Musings
I'm forty feet under water at the Great Barrier Reef off Hayman Island in northeastern Australia. Visibility is less than six feet and my mask continually slowly fills with water, forcing me to clear it by blowing air out my nose while pressing the top of the lenses, my least favorite of all the maneuvers taught me. My private instructor, Justin, has superfluously warned me not to let him out of my sight. I had already, unilaterally decided on that course of action.
Suddenly, the haze breaks and we are faced with walls of towering coral, some actually hovering above us, an incandescence of color and multiplicity of shapes. A moras roa, a prehistoric looking fish about six feet long, glides into a cave beneath us. Parrot fish the colors of a parade dance amid the coral, finding nutrient.
Too soon, Justin signals that we're down to our minimum air supply and it's time to surface.
This is my ninth trip to Australia and my wife's second, though my first to the reef, which we see it in all its splendor from a four-place, bubble-top chopper we're assured is brand new. I'm in the co-pilot's seat and I immediately notice that its maximum speed is barely over half of my car's.
This is God's country. Half of the population lives in two cities, Sydney and Melbourne (think of Los Angeles and San Francisco but with reversed polarity), and the people are unfailingly blunt and direct (think of New Yorkers with a better speech pattern) yet courteous and helpful. It possesses the most unique animals (e.g., the wombat and echidna) and sports (Australian rules, like a near-extinct language, spoken and played only in Melbourne, and one of the toughest athletic events I've ever seen). Sydney's harbor rivals New York and Hong Kong for the best I've ever seen. The city is urban, livable, and friendly.

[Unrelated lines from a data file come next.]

text \<open>Permutations of \<open>{1..n}\<close> are handled as lists. Inserting \<open>n + 1\<close> into \<open>t\<close> at
  position \<open>j\<close> and replacing the part after it by its complement (the order-reversing relabelling
  of its values) is a bijection from \<open>{0..n} \<times> S\<^sub>n\<close> onto \<open>S\<^sub>n\<^sub>+\<^sub>1\<close>. The new entry shifts the
  parity of every later position, and complementing the tail exactly compensates for that, so
  only the two steps next to \<open>n + 1\<close> change. Counting alternating descents once from the usual
  starting parity and once, through the complement of the whole permutation, from the opposite
  one, the \<open>2(n + 1)\<close> insertions into a \<open>t\<close> with \<open>a\<close> alternating descents have \<open>a + 1\<close>,
  \<open>a - 1\<close>, \<open>a + 2\<close> and \<open>a\<close> alternating descents with multiplicities \<open>a + 2\<close>, \<open>a\<close>, \<open>n - 1 - a\<close>
  and \<open>n + 1 - a\<close>. Summing over \<open>t\<close> gives the recurrence.\<close>

lemma bij_betw_if_inj_on_card_eq:
  assumes "inj_on f A" and "f ` A \<subseteq> B" and "finite B" and "card A = card B"
  shows "bij_betw f A B"
  using assms by (simp add: bij_betw_def card_image card_subset_eq)

definition reflect :: "'a::linorder set \<Rightarrow> 'a \<Rightarrow> 'a" where
  "reflect V x = the (map_of (zip (sorted_list_of_set V) (rev (sorted_list_of_set V))) x)"

lemma reflect_nth:
  assumes "finite V" and "i < card V"
  shows "reflect V (sorted_list_of_set V ! i) = sorted_list_of_set V ! (card V - 1 - i)"
  using assms by (simp add: reflect_def map_of_zip_nth rev_nth)

lemma obtain_sorted_list_of_set_index:
  assumes "finite V" and "x \<in> V"
  obtains i where "i < card V" and "x = sorted_list_of_set V ! i"
  using assms by (metis in_set_conv_nth length_sorted_list_of_set set_sorted_list_of_set)

lemma reflect_mem:
  assumes "finite V" and "x \<in> V"
  shows "reflect V x \<in> V"
proof -
  obtain i where "i < card V" and "x = sorted_list_of_set V ! i"
    using assms by (rule obtain_sorted_list_of_set_index)
  moreover have "card V - 1 - i < length (sorted_list_of_set V)"
    using \<open>i < card V\<close> by simp
  then have "sorted_list_of_set V ! (card V - 1 - i) \<in> V"
    using assms(1) by (metis nth_mem set_sorted_list_of_set)
  ultimately show ?thesis
    using assms by (simp add: reflect_nth)
qed

lemma reflect_reflect:
  assumes "finite V" and "x \<in> V"
  shows "reflect V (reflect V x) = x"
proof -
  obtain i where "i < card V" and "x = sorted_list_of_set V ! i"
    using assms by (rule obtain_sorted_list_of_set_index)
  then show ?thesis
    using assms by (simp add: reflect_nth)
qed

lemma reflect_strict_antimono:
  assumes V: "finite V" and "x \<in> V" "y \<in> V" "x < y"
  shows "reflect V y < reflect V x"
proof -
  let ?L = "sorted_list_of_set V"
  have strict: "sorted_wrt (<) ?L" by (rule strict_sorted_list_of_set)
  obtain i j where ij: "i < card V" "j < card V" and "x = ?L ! i" "y = ?L ! j"
    using V \<open>x \<in> V\<close> \<open>y \<in> V\<close> by (metis obtain_sorted_list_of_set_index)
  have "i < j"
  proof (rule ccontr)
    assume "\<not> i < j"
    then have "?L ! j \<le> ?L ! i"
      using ij by (intro sorted_nth_mono) auto
    with \<open>x < y\<close> \<open>x = ?L ! i\<close> \<open>y = ?L ! j\<close> show False by simp
  qed
  with ij have "?L ! (card V - 1 - j) < ?L ! (card V - 1 - i)"
    by (intro sorted_wrt_nth_less[OF strict]) auto
  with ij \<open>x = ?L ! i\<close> \<open>y = ?L ! j\<close> V show ?thesis by (simp add: reflect_nth)
qed

definition alt_step :: "bool \<Rightarrow> 'a::linorder \<Rightarrow> 'a \<Rightarrow> bool" where
  "alt_step b x y \<longleftrightarrow> (if b then y < x else x < y)"

lemma alt_step_antimono:
  assumes "x < y \<Longrightarrow> f y < f x" and "y < x \<Longrightarrow> f x < f y"
  shows "alt_step (\<not> b) (f x) (f y) \<longleftrightarrow> alt_step b x y"
  using assms unfolding alt_step_def by (cases x y rule: linorder_cases) auto

fun altdes_list :: "bool \<Rightarrow> 'a::linorder list \<Rightarrow> nat" where
  "altdes_list b (x # y # zs) = of_bool (alt_step b x y) + altdes_list (\<not> b) (y # zs)"
| "altdes_list _ _ = 0"

lemma altdes_list_conv_sum:
  "altdes_list b xs = (\<Sum>i < length xs - 1. of_bool (alt_step (b = even i) (xs ! i) (xs ! Suc i)))"
proof (induction b xs rule: altdes_list.induct)
  case (1 b x y zs)
  have len: "length (x # y # zs) - 1 = Suc (length (y # zs) - 1)" by simp
  show ?case
    unfolding len sum.lessThan_Suc_shift using 1 by (cases b) (simp_all del: sum_of_bool_eq)
qed auto

lemma altdes_list_Cons:
  "altdes_list b (x # ys) = (if ys = [] then 0 else of_bool (alt_step b x (hd ys)) + altdes_list (\<not> b) ys)"
  by (cases ys) auto

lemma altdes_list_append:
  "altdes_list b (xs @ ys) = altdes_list b xs + altdes_list (b = even (length xs)) ys
     + of_bool (xs \<noteq> [] \<and> ys \<noteq> [] \<and> alt_step (b = odd (length xs)) (last xs) (hd ys))"
proof (induction xs arbitrary: b)
  case (Cons x xs)
  then show ?case
    by (cases xs; cases b) (auto simp: altdes_list_Cons)
qed simp

lemma altdes_list_map_antimono:
  assumes "\<And>x y. x \<in> set xs \<Longrightarrow> y \<in> set xs \<Longrightarrow> x < y \<Longrightarrow> f y < f x"
  shows "altdes_list (\<not> b) (map f xs) = altdes_list b xs"
  using assms
proof (induction b xs rule: altdes_list.induct)
  case (1 b x y zs)
  have "alt_step (\<not> b) (f x) (f y) \<longleftrightarrow> alt_step b x y"
    using "1.prems" by (intro alt_step_antimono) auto
  with 1 show ?case by simp
qed auto

definition complement :: "'a::linorder list \<Rightarrow> 'a list" where
  "complement xs = map (reflect (set xs)) xs"

lemma length_complement [simp]: "length (complement xs) = length xs"
  by (simp add: complement_def)

lemma set_complement [simp]: "set (complement xs) = set xs"
proof -
  have "reflect (set xs) ` set xs = set xs"
    by (auto simp: reflect_mem
        intro!: image_eqI[where x = "reflect (set xs) x" for x] reflect_reflect[symmetric])
  then show ?thesis by (simp add: complement_def)
qed

lemma complement_complement [simp]: "complement (complement xs) = xs"
  unfolding complement_def[of "complement xs"] set_complement
  by (auto simp: complement_def reflect_reflect intro!: map_idI)

lemma distinct_complement: "distinct xs \<Longrightarrow> distinct (complement xs)"
  by (simp add: complement_def distinct_map) (metis inj_on_inverseI finite_set reflect_reflect)

lemma altdes_list_complement: "altdes_list (\<not> b) (complement xs) = altdes_list b xs"
  unfolding complement_def by (rule altdes_list_map_antimono) (simp add: reflect_strict_antimono)

lemma complement_permutations_of_set:
  "xs \<in> permutations_of_set A \<Longrightarrow> complement xs \<in> permutations_of_set A"
  by (simp add: permutations_of_set_def distinct_complement)

lemma bij_betw_complement: "bij_betw complement (permutations_of_set A) (permutations_of_set A)"
  by (rule bij_betw_byWitness[where f' = complement]) (auto simp: complement_permutations_of_set)

text \<open>Complementing the tail compensates for the parity shift of its positions caused by the
  inserted entry; see \<open>altdes_list_insert_flip_tail\<close>.\<close>

definition insert_flip_tail :: "'a::linorder \<Rightarrow> nat \<Rightarrow> 'a list \<Rightarrow> 'a list" where
  "insert_flip_tail M j xs = take j xs @ M # complement (drop j xs)"

lemma altdes_list_insert_flip_tail:
  assumes M: "\<forall>x \<in> set xs. x < M" and j: "j \<le> length xs"
  shows "altdes_list b (insert_flip_tail M j xs)
           + of_bool (0 < j \<and> j < length xs \<and> alt_step (b = odd j) (xs ! (j - 1)) (xs ! j))
         = altdes_list b xs + of_bool (b = even j) * (of_bool (0 < j) + of_bool (j < length xs))"
proof -
  let ?us = "take j xs" and ?vs = "drop j xs" and ?b' = "b = even j"
  have len: "length ?us = j" using j by simp
  have last_us: "0 < j \<Longrightarrow> last ?us = xs ! (j - 1)"
    using j by (subst last_conv_nth) auto
  have hd_vs: "j < length xs \<Longrightarrow> hd ?vs = xs ! j"
    by (simp add: hd_drop_conv_nth)
  have "0 < j \<Longrightarrow> xs ! (j - 1) < M"
    using M j by simp
  then have "0 < j \<Longrightarrow> alt_step (b = odd j) (xs ! (j - 1)) M \<longleftrightarrow> ?b'"
    by (auto simp: alt_step_def)
  then have ins: "altdes_list b (insert_flip_tail M j xs)
      = altdes_list b ?us + altdes_list ?b' (M # complement ?vs) + of_bool (0 < j \<and> ?b')"
    unfolding insert_flip_tail_def altdes_list_append len using last_us j by auto
  have tail: "altdes_list ?b' (M # complement ?vs) = of_bool (j < length xs \<and> ?b') + altdes_list ?b' ?vs"
  proof (cases "j < length xs")
    case True
    then have ne: "complement ?vs \<noteq> []"
      by (metis length_complement length_drop length_greater_0_conv zero_less_diff)
    then have "hd (complement ?vs) \<in> set xs"
      by (metis hd_in_set set_complement in_set_dropD)
    then have "alt_step ?b' M (hd (complement ?vs)) \<longleftrightarrow> ?b'"
      using M by (auto simp: alt_step_def)
    then show ?thesis
      using True ne altdes_list_complement[of ?b' ?vs] by (simp add: altdes_list_Cons)
  next
    case False
    then show ?thesis by (simp add: complement_def)
  qed
  have "altdes_list b xs = altdes_list b (?us @ ?vs)" by simp
  also have "\<dots> = altdes_list b ?us + altdes_list ?b' ?vs
      + of_bool (0 < j \<and> j < length xs \<and> alt_step (b = odd j) (xs ! (j - 1)) (xs ! j))"
    unfolding altdes_list_append len using last_us hd_vs j by auto
  finally show ?thesis
    using ins tail by auto
qed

Walking through a sanctuary northeast of Melbourne, our guide and we are trying to find animals in the bush when a wallaby wanders into our path and, before being noticed, enters into a desperate tug-of-war with a toddler in a stroller clutching a bag of chips. The wallaby allows us to pet and photograph him, enmeshed in a titanic struggle with the three-year-old. He is finally bought off with a single chip and contentedly munches as we admire him.
The Tasmanian Devil is actually quite a handsome creature, black with red ears and constantly in motion. In a darkened cavern we watch platypuses swim by only inches away, the most remarkable creature I've yet seen anywhere (including the 8-foot red constrictor my son used to own, which would entertain at the holidays by coiling himself around my brother-in-law until his head turned purple).
We traveled over 20,000 miles on fourteen planes. I delivered seven speeches, most of them for the wonderful Professional Speakers Association of Australia. It was two weeks of wonder and awe and fine food and adventure. We visited St. Patrick's Cathedral in Melbourne, far more impressive than Notre Dame for us, and perhaps second only to St. Peter's itself.
Life is simply too short not to travel. These memories not only become indelible, mental Technicolor reminders of the world, but also place our daily lives in perspective. None of us truly lives on an island, thanks to air travel and electronics. Why would we want to?
Coming home is like coming up for air. It's a safe, familiar, and beloved place. It's the environment in which I'm most comfortable and best able to function. But I will dive again. I'll keep learning and growing. And, perhaps, that will help me to be the instructor who others don't let out of their sight.
The Language Doctor is IN
- There can't be a "myriad of" anything, because myriad means "many." Hence, "They have myriad opportunities to travel abroad."
- "Anachronism" is almost always used incorrectly. It actually means an element in a story which is impossible since the story precedes its creation. If a novel set in the 19th Century included a diesel train, the author has created an anachronism. These are often found in Shakespeare's writings. But using an old item in a contemporary story is not an anachronism. Nothing in real life can be anachronistic, because by definition, it already exists!
- Did you know that "the lion's share" once meant everything, and not just the preponderance?
- A stop for a train along a route is properly called a "station," but the final stop from which the train cannot go farther, is the "terminal."